The variant call probabilities are well calibrated in each model individually, and so glnexus can operate on them.
Hi @pgrosu , The hybrid model you mentioned is combining PacBio and Illumina reads of the same individual. It is a DeepVariant model, not a DeepTrio model.
With the hybrid model, you can achieve better accuracy. This model was first developed as part of our submission to https://precision.fda.gov/challenges/10/results.
However, this is not a DeepTrio model and does not fit the use case that @Npaffen described unfortunately.
@AndrewCarroll and @pgrosu thanks for your view on things and @pgrosu especially for your fantastic explanation of the model!
From a data scientist perspective this makes totally sense. I fully agree that one should always gather as much data as possible since one can always remove data that seems to be not useful afterwards. My intention was not to say that one do not need those data or that you should not use the information which those HomRef sites emerged from. I talked to some of my colleagues yesterday and they agreed that they would expect a variant caller to produce variant calls and information/statistics related to those and all further information would be opt-in since they would have no need for this. But my team could just be the minority here and simply an opt-out option for this behavior would be highly recommended!
Hi @Npaffen @pgrosu
My sentence is written inexactly. I was thinking of the last word in the hyphen - reference in non-reference, and trying to clarify the reference calls. But this was more confusing rather than less.

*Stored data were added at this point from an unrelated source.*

lemma DqJ_eq_DqJ_series:
  assumes "0 < q" "q < 1"
  shows "DqJ q \<nu> x = DqJ_prefactor q \<nu> x * DqJ_series q \<nu> (x^2)"
proof (cases "x = 0")
  case True
  then show ?thesis
    by (simp add: DqJ_def DqJ_prefactor_def)
next
  case False
  have "exp (\<nu> * Ln x) = x powr \<nu>"
    using False by (simp add: powr_def)
  moreover have "exp (\<nu> * Ln (of_real q * x)) = of_real q powr \<nu> * x powr \<nu>"
    using False assms by (simp add: powr_def Ln_times_of_real distrib_left exp_add)
  moreover have "(of_real q * x) ^ 2 = of_real (q^2) * x^2"
    by (simp add: power_mult_distrib)
  ultimately show ?thesis
    using qpoch_inf_q2_nonzero[OF assms] False assms(2)
    unfolding DqJ_def DqJ_prefactor_def HE_J_eq_HE_series[OF assms(1)] DqJ_series_def
    by (simp add: field_simps)
qed

lemma DqJ_series_eq_HE_orbit:
  "DqJ_series q \<nu> z = HE_orbit q \<nu> z 0 - of_real q powr \<nu> * HE_orbit q \<nu> z 1"
  unfolding DqJ_series_def HE_orbit_def by simp

lemma DqJ_series_has_field_derivative:
  assumes "0 < q" "q < 1" "-1 < Re \<nu>"
  shows "(DqJ_series q \<nu> has_field_derivative
           HE_orbit_deriv q \<nu> z 0 - of_real q powr \<nu> * HE_orbit_deriv q \<nu> z 1) (at z)"
  unfolding DqJ_series_def [abs_def] HE_orbit_deriv_def
  by (rule derivative_eq_intros HE_series_has_field_derivative[OF assms] DERIV_HE_series_comp[OF assms] refl
      | simp)+

lemma DqJ_series_zero_real_nonneg:
  fixes q \<nu> :: real
  assumes "0 < q" "q < 1" "0 < \<nu>" and zero: "DqJ_series q (of_real \<nu>) \<mu> = 0"
  shows "\<mu> \<in> \<real> \<and> 0 \<le> Re \<mu>"
proof (rule weighted_diff2_eigenvalue_real_nonneg)
  have \<nu>: "-1 < Re (of_real \<nu>)"
    using assms by simp
  have "of_real q powr (2 * of_real \<nu>) = (of_real (q powr (2*\<nu>)) :: complex)"
    using powr_of_real[of q "2*\<nu>"] assms by simp
  then show "weighted_diff2 (of_real (q powr (2*\<nu>))) (HE_orbit q \<nu> \<mu>) n
      = - \<mu> * of_real ((q^2) ^ Suc n) * HE_orbit q \<nu> \<mu> (Suc n)" for n
    using weighted_diff2_HE_orbit[OF assms(1,2) \<nu>] by simp
  show "HE_orbit q \<nu> \<mu> 0 = of_real (q powr \<nu>) * HE_orbit q \<nu> \<mu> 1"
    using zero assms(1) unfolding DqJ_series_eq_HE_orbit by (simp add: powr_of_real)
  show "HE_orbit q \<nu> \<mu> \<longlonglongrightarrow> HE_series q \<nu> 0"
    by (rule HE_orbit_tendsto(1)[OF assms(1,2) \<nu>])
  show "HE_series q \<nu> 0 \<noteq> 0"
    by (rule HE_series_0_nonzero[OF assms(1,2) \<nu>])
  show "q powr \<nu> \<le> 1" "0 < q powr (2*\<nu>)" "q powr (2*\<nu>) < 1" "0 < (q^2) ^ Suc n" for n
    using assms powr01_less_one[OF assms(1,2), of \<nu>] powr01_less_one[OF assms(1,2), of "2*\<nu>"] by simp_all
qed

lemma DqJ_series_zero_simple:
  fixes q \<nu> :: real
  assumes "0 < q" "q < 1" "0 < \<nu>" and zero: "DqJ_series q (of_real \<nu>) \<mu> = 0"
    and deriv: "(DqJ_series q (of_real \<nu>) has_field_derivative d) (at \<mu>)"
  shows "d \<noteq> 0"
proof -
  have \<nu>: "-1 < Re (of_real \<nu>)"
    using assms by simp
  have "HE_orbit_deriv q \<nu> \<mu> 0 \<noteq> of_real (q powr \<nu>) * HE_orbit_deriv q \<nu> \<mu> 1"
  proof (rule weighted_diff2_eigenvalue_simple)
    have b: "of_real q powr (2 * of_real \<nu>) = (of_real (q powr (2*\<nu>)) :: complex)"
      using powr_of_real[of q "2*\<nu>"] assms by simp
    show "weighted_diff2 (of_real (q powr (2*\<nu>))) (HE_orbit q \<nu> \<mu>) n
        = - \<mu> * of_real ((q^2) ^ Suc n) * HE_orbit q \<nu> \<mu> (Suc n)" for n
      using weighted_diff2_HE_orbit[OF assms(1,2) \<nu>] b by simp
    show "weighted_diff2 (of_real (q powr (2*\<nu>))) (HE_orbit_deriv q \<nu> \<mu>) n
        = - \<mu> * of_real ((q^2) ^ Suc n) * HE_orbit_deriv q \<nu> \<mu> (Suc n)
          - of_real ((q^2) ^ Suc n) * HE_orbit q \<nu> \<mu> (Suc n)" for n
      using weighted_diff2_HE_orbit_deriv[OF assms(1,2) \<nu>] b by simp
    show "\<mu> \<in> \<real>"
      using DqJ_series_zero_real_nonneg[OF assms(1-3) zero] by simp
    show "HE_orbit q \<nu> \<mu> 0 = of_real (q powr \<nu>) * HE_orbit q \<nu> \<mu> 1"
      using zero assms(1) unfolding DqJ_series_eq_HE_orbit by (simp add: powr_of_real)
    show "HE_orbit q \<nu> \<mu> \<longlonglongrightarrow> HE_series q \<nu> 0" "HE_orbit_deriv q \<nu> \<mu> \<longlonglongrightarrow> 0"
      by (rule HE_orbit_tendsto[OF assms(1,2) \<nu>])+
    show "HE_series q \<nu> 0 \<noteq> 0"
      by (rule HE_series_0_nonzero[OF assms(1,2) \<nu>])
    show "0 < q powr (2*\<nu>)" "q powr (2*\<nu>) < 1" "0 < (q^2) ^ Suc n" for n
      using assms powr01_less_one[OF assms(1,2), of "2*\<nu>"] by simp_all
  qed
  moreover have "d = HE_orbit_deriv q \<nu> \<mu> 0 - of_real q powr of_real \<nu> * HE_orbit_deriv q \<nu> \<mu> 1"
    by (rule DERIV_unique[OF deriv DqJ_series_has_field_derivative[OF assms(1,2) \<nu>]])
  ultimately show ?thesis
    using assms(1) by (simp add: powr_of_real)
qed
lemma sum_parallel_eq_one:
  "(\<Sum>\<alpha>\<in>{\<alpha> \<in> supp m. rng \<alpha> = rng \<alpha>\<^sub>0 \<and> src \<alpha> = src \<alpha>\<^sub>0}. m \<alpha> * n (\<alpha>\<^sup>-\<^sup>1)) = 1"
proof -
  obtain V where V: "openin (unit_top G) V" "compactin (unit_top G) V" "src \<alpha>\<^sub>0 \<in> V"
      "\<forall>\<alpha>\<in>supp m. rng \<alpha> = rng (rng \<alpha>\<^sub>0) \<longrightarrow> (src \<alpha> \<in> V \<longleftrightarrow> src \<alpha> = src \<alpha>\<^sub>0)"
    by (rule exists_separating_unit_nbhd[OF m_steinberg src_in_units[OF \<alpha>\<^sub>0_arrow]])
  have VU: "V \<subseteq> units G"
    using V(1) by (rule openin_unit_top_subset)
  have "1 = conv G (conv G m (indicator V)) n (rng \<alpha>\<^sub>0)"
    using normaliser_sandwich_eq_one[OF normaliser \<alpha>\<^sub>0_supp V(1-3)] by simp
  also have "\<dots> = (\<Sum>\<alpha>\<in>{\<alpha> \<in> supp m. rng \<alpha> = rng \<alpha>\<^sub>0 \<and> src \<alpha> = src \<alpha>\<^sub>0}. m \<alpha> * n (\<alpha>\<^sup>-\<^sup>1 \<cdot> rng \<alpha>\<^sub>0))"
    using conv_conv_indicator_separated[OF m_steinberg VU _ V(4)] \<alpha>\<^sub>0_arrow by simp
  also have "\<dots> = (\<Sum>\<alpha>\<in>{\<alpha> \<in> supp m. rng \<alpha> = rng \<alpha>\<^sub>0 \<and> src \<alpha> = src \<alpha>\<^sub>0}. m \<alpha> * n (\<alpha>\<^sup>-\<^sup>1))"
  proof (rule sum.cong[OF refl])
    fix \<alpha> assume "\<alpha> \<in> {\<alpha> \<in> supp m. rng \<alpha> = rng \<alpha>\<^sub>0 \<and> src \<alpha> = src \<alpha>\<^sub>0}"
    then have "\<alpha> \<in> arrows G" "rng \<alpha> = rng \<alpha>\<^sub>0"
      using supp_steinberg_subset[OF m_steinberg] by auto
    then show "m \<alpha> * n (\<alpha>\<^sup>-\<^sup>1 \<cdot> rng \<alpha>\<^sub>0) = m \<alpha> * n (\<alpha>\<^sup>-\<^sup>1)"
      using comp_src_id[of "\<alpha>\<^sup>-\<^sup>1"] by simp
  qed
  finally show ?thesis ..
qed

lemma exists_partner_in_supp_n:
  obtains \<beta> where "\<beta> \<in> supp n" "rng \<beta> = src \<alpha>\<^sub>0" "src \<beta> = rng \<alpha>\<^sub>0"
proof -
  have "\<exists>\<alpha>\<in>{\<alpha> \<in> supp m. rng \<alpha> = rng \<alpha>\<^sub>0 \<and> src \<alpha> = src \<alpha>\<^sub>0}. m \<alpha> * n (\<alpha>\<^sup>-\<^sup>1) \<noteq> 0"
    using sum_parallel_eq_one by (metis (no_types, lifting) sum.neutral zero_neq_one)
  then obtain \<alpha> where \<alpha>: "\<alpha> \<in> supp m" "rng \<alpha> = rng \<alpha>\<^sub>0" "src \<alpha> = src \<alpha>\<^sub>0" "n (\<alpha>\<^sup>-\<^sup>1) \<noteq> 0"
    by auto
  moreover have "\<alpha> \<in> arrows G"
    using \<alpha>(1) supp_steinberg_subset[OF m_steinberg] by blast
  ultimately show thesis
    using that[of "\<alpha>\<^sup>-\<^sup>1"] by (simp add: supp_def)
qed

Reference calls - 0/0 or ./. Variant calls - 0/1, 1/1, 1/2, 0/2, etc.
Hi @Npaffen
Yes, in phase variants, the reads are assigned a haplotag value. Briefly, in this process, a set of potential variants are scored with heuristics (no neural network) on the likelihood that they are heterozygous variants. A cluster of such variants forms a candidate seed for a haplotype. The evidence from multiple reads across multiple positions are used to identify the putative variants on that haplotype, and then reads are scored based on whether they fall into one of the haplotypes, the other, or cannot be phased. Because this haplotagging uses information from much longer stretches and more candidate variants than the individual process of variant calling, it has the advantage of a broader set of information.
This haplotagging is used to populate the information in the “haplotype channel” which is one of the inputs for DeepVariant long read data. We wrote a blog describing this channel and its impact.
Note that this process is only used to provide the information to the neural network for consider, the neural network will be able to learn when this channel is or is not reliable based on genome context, coverage, etc… the network’s call on the genotype is what finally goes into a variant.
As a result, haplotag is not used as input to generate the non-ref blocks of the gVCF, and as the final variants called are still from the neural network, the definition of a variant remains the same - a position with an ALT allele that receives a non-reference (0/0 or ./.) call.
We are currently working on a deeper description of the phasing logic used in DeepVariant, which may help understand or reproduce the haplotag method more easily.
Please let me know if anything in the explanation is unclear or can be elaborated further.